Ericsson’s response is to slash its workforce. It intends to save more than $1.9 billion over the next two years, while pushing aggressively into the Chinese market. The company recently appointed Michael Treschow as board chairman from Swedish consumer appliance manufacturer Electrolux, where he acquired the nickname “Mike the Knife” on account of brutal cost cutting.

Treschow and Ericsson are hoping to attract corporate investors with a new share issue intended to raise $2.93 billion in new capital by reducing its labour costs. The new shares will be so-called “Class B” shares rather than “Class A” shares, which have 1,000 times more voting rights—to ensure that Ericsson remains dominated by Investor, the investment wing of the Swedish Wallenberg family. Under conditions of a global slump in sales of telecom networks, mobile phones and infrastructure, Ericsson aims to acquire sufficient resources to be able to fight in their corner without risking loss of control of the company.

Underlying Ericsson’s moves is the continuing instability in all areas of the world’s telecom industries. CEO Kurt Hellstroem explained to the world’s press, “I do not dare to say that the bottom is reached. We are in a stretched out downturn and almost no operators are signaling that things are turning upwards.”

In the decade up the year 2000, growth rates in the mobile phone and infrastructure markets were as high as 40 percent annually. Rapid technological development, combined with consumer enthusiasm for mobile telephones, provided a profit bonanza for all the mobile phone producers and network providers. Both long established and new companies flooded into the market, which rapidly became saturated. All the major players are facing simultaneous drops in demand and loss of profitability. Market leader Nokia recently downgraded its predictions for this year’s total industry sales from 420 million to 400 million units, a figure only slightly up from last year—the first time that mobile phone sales fell in 20 years of production. Nokia’s own sales were down 12 percent on the first quarter, and annual growth was also expected to be less than initially predicted.

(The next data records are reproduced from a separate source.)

lemma silent_round_depends_only_on: "depends_only_on (silent_round S a b t) (S \<times> {t} \<times> {1..b})"
  unfolding depends_only_on_def
proof (intro allI impI)
  fix f g :: "nat \<times> nat \<times> nat \<Rightarrow> bool"
  assume "\<forall>x\<in>S \<times> {t} \<times> {1..b}. f x = g x"
  then have "{s\<in>S. transmits a f s t \<beta>} = {s\<in>S. transmits a g s t \<beta>}" if "\<beta> \<in> {1..b}" for \<beta>
    using that by (auto simp: transmits_def)
  then show "f \<in> silent_round S a b t \<longleftrightarrow> g \<in> silent_round S a b t"
    by (simp add: silent_round_def heard_def)
qed

lemma measure_silent_round_le:
  assumes "finite S" "S \<noteq> {}" "card S \<le> k" "1 \<le> b" "first_act S a \<le> t" "t < N"
  shows "measure_pmf.prob (coin_space S N k b) (silent_round S a b t) \<le> 1 - cs_prob k b 1 * exp (-1)"
proof -
  define m where "m = card {s\<in>S. a s \<le> t}"
  have "first_act S a \<in> a ` S"
    unfolding first_act_def using assms(1,2) by (intro Min_in) auto
  then obtain s where "s \<in> S" "a s = first_act S a"
    by auto
  then have "1 \<le> m"
    using assms(1,5) by (auto simp: m_def Suc_le_eq card_gt_0_iff)
  moreover have "m \<le> k"
    using assms(1,3) card_mono[of S "{s\<in>S. a s \<le> t}"] by (auto simp: m_def)
  ultimately obtain \<beta> where \<beta>: "\<beta> \<in> {1..b}" and p_le: "cs_prob k b \<beta> \<le> 1 / real m"
    and p_ge: "cs_prob k b 1 \<le> real m * cs_prob k b \<beta>"
    using exists_channel_cs_prob_inverse assms(4) by blast
  have "cs_prob k b 1 * exp (-1) \<le> real m * cs_prob k b \<beta> * (1 - cs_prob k b \<beta>) ^ (m - 1)"
    using p_ge exp_minus_one_le_power_one_minus[OF cs_prob_nonneg p_le \<open>1 \<le> m\<close>]
    by (intro mult_mono) (auto simp: cs_prob_nonneg)
  also have "\<dots> = measure_pmf.prob (coin_space S N k b) {\<omega>. heard S a \<omega> t \<beta>}"
    using measure_heard[OF assms(1,6) \<beta>] \<open>1 \<le> m\<close> \<open>m \<le> k\<close> by (simp add: m_def)
  also have "\<dots> \<le> 1 - measure_pmf.prob (coin_space S N k b) (silent_round S a b t)"
    using \<beta> measure_pmf.prob_space_axioms
    by (subst measure_pmf.prob_compl[symmetric]) (auto simp: silent_round_def intro!: measure_pmf.finite_measure_mono)
  finally show ?thesis by simp
qed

For a while, the manufacturers have been able to offset this by utilising ever more advanced phones and network systems to encourage consumers to continually upgrade their handsets. This tendency too is slowing down, however. Analysts at the JP Morgan investment bank told the Guardian newspaper, “We believe that Nokia’s handset business is showing extreme signs... of consumer apathy for next generation devices accompanied by a... change in the subscriber mix (from affluent early adopters to a larger proportion of lower end, pre-paid users). This lowers underlying replacement demand.”

Translated this means that fewer people are buying new mobile phones and those that do are poorer and keep hold of them longer. They are less interested in the newest, most expensive, glamorous, and most profitable devices, preferring a working phone at low cost.

Days after Ericsson’s announcement, German based Siemens declared its intention to cut 6,500 jobs globally, mostly outside Germany. The company has already drastically reduced the number of production sites. CEO Heinrich von Pierer told the Guardian, “We have experienced... a deeper slump in our carrier business than expected a year ago.... The entire industry is in a dramatic state marked by collapsing demand and eroding prices.”